> Problem to solve
Report how many lines of the material below contain the string "definition". The reply is that number and no more.

> Exercise materials
::::::
lemma cyc_shift_cyc_gen: "0 < n \<Longrightarrow> cyc_shift n w a (cyc_gen n w z) = cyc_gen n w (z + a)"
  by (simp add: cyc_gen_def pres_gen_def cyc_shift_pres_class idx_lt idx_idx_add)

lemma group_cyc_hnn: "0 < n \<Longrightarrow> group (cyc_hnn n w)"
  unfolding cyc_hnn_def by (rule group_semidirect_int[OF group_cyc_group cyc_shift_hom cyc_shift_add cyc_shift_zero])

section \<open>The HNN extension of \<open>H\<^sub>n(m,k)\<close> is the LOG group of \<open>\<Gamma>(n; (a\<^bsub>m-k+1\<^esub>)\<^sup>k)\<close>\<close>

lemma (in group) word_eval_LOG_relator_iff:
  assumes "f l \<in> carrier G" "f s \<in> carrier G" "f r \<in> carrier G"
  shows "word_eval G f [(l, False), (s, True), (l, True), (r, False)] = \<one> \<longleftrightarrow> conjug G (f l) (f s) = f r"
proof -
  have "word_eval G f [(l, False), (s, True), (l, True), (r, False)] = conjug G (f l) (f s) \<otimes> inv (f r)"
    using assms by (simp add: conjug_def m_assoc)
  with assms show ?thesis
    by (simp add: mult_inv_eq_one_iff)
qed

locale hnn_LOG =
  fixes n m k :: nat
  assumes n: "0 < n" and k: "1 \<le> k"
begin

definition "wH = H_word n (int m) (int k)"

abbreviation "Hn \<equiv> cyc_group n wH"
abbreviation "HNN \<equiv> cyc_hnn n wH"

definition "x_gen = cyc_gen n wH"
definition "x_hnn z = (x_gen z, 0::int)"
definition "t = (\<one>\<^bsub>Hn\<^esub>, 1::int)"

sublocale Hn: group Hn
  by (rule group_cyc_group)

sublocale HNN: group HNN
  using n by (rule group_cyc_hnn)

lemma HNN_mult: "(g, a) \<otimes>\<^bsub>HNN\<^esub> (h, b) = (g \<otimes>\<^bsub>Hn\<^esub> cyc_shift n wH a h, a + b)"
  by (simp add: cyc_hnn_def semidirect_int_def)

lemma HNN_one: "\<one>\<^bsub>HNN\<^esub> = (\<one>\<^bsub>Hn\<^esub>, 0)"
  by (simp add: cyc_hnn_def semidirect_int_def)

lemma HNN_carrier: "carrier HNN = carrier Hn \<times> UNIV"
  by (simp add: cyc_hnn_def semidirect_int_def)

lemma x_gen_closed [simp]: "x_gen z \<in> carrier Hn"
  using n by (simp add: x_gen_def)

lemma x_hnn_closed [simp]: "x_hnn z \<in> carrier HNN"
  by (simp add: x_hnn_def HNN_carrier)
::::::
> Task answer
4